What to work on: Repeat exactly the lines from the start of the material below up to and including the "unfolding \<eta>'_def by measurable" line.
*** Data provided Section Begins ***
lemma bounds_inherited_imp_NA2:
  assumes filt: "filtration (space M) F"
    and bounds: "\<And>t. t < T \<Longrightarrow> bounds_inherited M F Sb Sa t"
    and spread: "\<And>t. t \<le> T \<Longrightarrow> AE w in M. Sb t w \<le> Sa t w"
  shows "NA2 M F Sb Sa T"
proof -
  interpret filtration "space M" F by (fact filt)
  have "AE w in M. \<eta> w \<in> solv_cone Sb Sa t w"
    if "t \<le> T" "\<eta> \<in> borel_measurable (F t)" "\<xi> \<in> A_set M F Sb Sa t T"
      and "AE w in M. \<eta> w + \<xi> w \<in> solv_cone Sb Sa T w"
    for t \<eta> \<xi>
    using that
  proof (induction t arbitrary: \<eta> \<xi> rule: inc_induct)
    case base
    show ?case
      using base.prems(3) A_set_last[OF base.prems(2)] by (rule AE_mem_solv_cone_cancel)
  next
    case (step t)
    obtain \<xi>t \<xi>' where \<xi>t: "\<xi>t \<in> L0 M (F t) (\<lambda>w. uminus ` solv_cone Sb Sa t w)"
      and \<xi>': "\<xi>' \<in> A_set M F Sb Sa (Suc t) T" and \<xi>: "\<xi> = (\<lambda>w. \<xi>t w + \<xi>' w)"
      using A_set_Suc[OF step.hyps(2) step.prems(2)] by blast
    define \<eta>' where "\<eta>' w = \<eta> w + \<xi>t w" for w
    have "\<xi>t \<in> borel_measurable (F t)" using \<xi>t unfolding L0_def by blast
    with step.prems(1) have \<eta>': "\<eta>' \<in> borel_measurable (F t)"
      unfolding \<eta>'_def by measurable
    moreover have "AE w in M. \<eta>' w + \<xi>' w \<in> solv_cone Sb Sa T w"
      using step.prems(3) by (simp add: \<eta>'_def \<xi> add.assoc)
    ultimately have "AE w in M. \<eta>' w \<in> solv_cone Sb Sa (Suc t) w"
      using measurable_F_mono[OF _ \<eta>', of "Suc t"] \<xi>' by (simp add: step.IH)
    moreover have "AE w in M. Sb t w \<le> Sa t w" "AE w in M. Sb (Suc t) w \<le> Sa (Suc t) w"
      using step.hyps(2) by (simp_all add: spread)
    ultimately have "AE w in M. \<eta>' w \<in> solv_cone Sb Sa t w"
      by (rule bounds_inherited_AE_mem_solv_cone[OF bounds[OF step.hyps(2)] \<eta>'])
    then show ?case
      using \<xi>t unfolding \<eta>'_def by (rule AE_mem_solv_cone_cancel)
  qed
  then show ?thesis unfolding NA2_def L0_def by blast
qed

theorem theorem9p1:
  fixes M :: "'a measure" and F :: "nat \<Rightarrow> 'a measure"
    and Sb Sa :: "nat \<Rightarrow> 'a \<Rightarrow> real" and T :: nat
  assumes "prob_space M"
    and "complete_measure M"
    and "filtration (space M) F"
    and "\<And>t. subalgebra M (F t)"
    and "\<And>A. A \<in> sets (F 0) \<Longrightarrow> measure M A = 0 \<or> measure M A = 1"
    and "\<And>t. t \<le> T \<Longrightarrow> Sb t \<in> borel_measurable (F t)"
    and "\<And>t. t \<le> T \<Longrightarrow> Sa t \<in> borel_measurable (F t)"
    and "\<And>t. t \<le> T \<Longrightarrow> AE w in M. 0 < Sb t w \<and> Sb t w \<le> Sa t w"
  shows "NA2 M F Sb Sa T \<longleftrightarrow>
     (\<forall>t < T. (AE w in M. cond_ess_sup M (F t) (Sa (t + 1)) w \<ge> ereal (Sa t w)) \<and>
              (AE w in M. ereal (Sb t w) \<ge> cond_ess_inf M (F t) (Sb (t + 1)) w))"
proof -
  have spread: "AE w in M. Sb t w \<le> Sa t w" if "t \<le> T" for t
    using assms(8)[OF that] by eventually_elim simp
  have "NA2 M F Sb Sa T \<longleftrightarrow> (\<forall>t < T. bounds_inherited M F Sb Sa t)"
  proof
    show "\<forall>t < T. bounds_inherited M F Sb Sa t" if "NA2 M F Sb Sa T"
      using NA2_imp_bounds_inherited[OF that assms(3)] assms(6,7) spread by simp
    show "NA2 M F Sb Sa T" if "\<forall>t < T. bounds_inherited M F Sb Sa t"
      using bounds_inherited_imp_NA2[OF assms(3)] that spread by blast
  qed
  then show ?thesis
    using bounds_inherited_iff_cond_ess[OF assms(1,4)] by simp
qed

end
*** Data provided Section Ends ***
Output for this task:
lemma bounds_inherited_imp_NA2:
  assumes filt: "filtration (space M) F"
    and bounds: "\<And>t. t < T \<Longrightarrow> bounds_inherited M F Sb Sa t"
    and spread: "\<And>t. t \<le> T \<Longrightarrow> AE w in M. Sb t w \<le> Sa t w"
  shows "NA2 M F Sb Sa T"
proof -
  interpret filtration "space M" F by (fact filt)
  have "AE w in M. \<eta> w \<in> solv_cone Sb Sa t w"
    if "t \<le> T" "\<eta> \<in> borel_measurable (F t)" "\<xi> \<in> A_set M F Sb Sa t T"
      and "AE w in M. \<eta> w + \<xi> w \<in> solv_cone Sb Sa T w"
    for t \<eta> \<xi>
    using that
  proof (induction t arbitrary: \<eta> \<xi> rule: inc_induct)
    case base
    show ?case
      using base.prems(3) A_set_last[OF base.prems(2)] by (rule AE_mem_solv_cone_cancel)
  next
    case (step t)
    obtain \<xi>t \<xi>' where \<xi>t: "\<xi>t \<in> L0 M (F t) (\<lambda>w. uminus ` solv_cone Sb Sa t w)"
      and \<xi>': "\<xi>' \<in> A_set M F Sb Sa (Suc t) T" and \<xi>: "\<xi> = (\<lambda>w. \<xi>t w + \<xi>' w)"
      using A_set_Suc[OF step.hyps(2) step.prems(2)] by blast
    define \<eta>' where "\<eta>' w = \<eta> w + \<xi>t w" for w
    have "\<xi>t \<in> borel_measurable (F t)" using \<xi>t unfolding L0_def by blast
    with step.prems(1) have \<eta>': "\<eta>' \<in> borel_measurable (F t)"
      unfolding \<eta>'_def by measurable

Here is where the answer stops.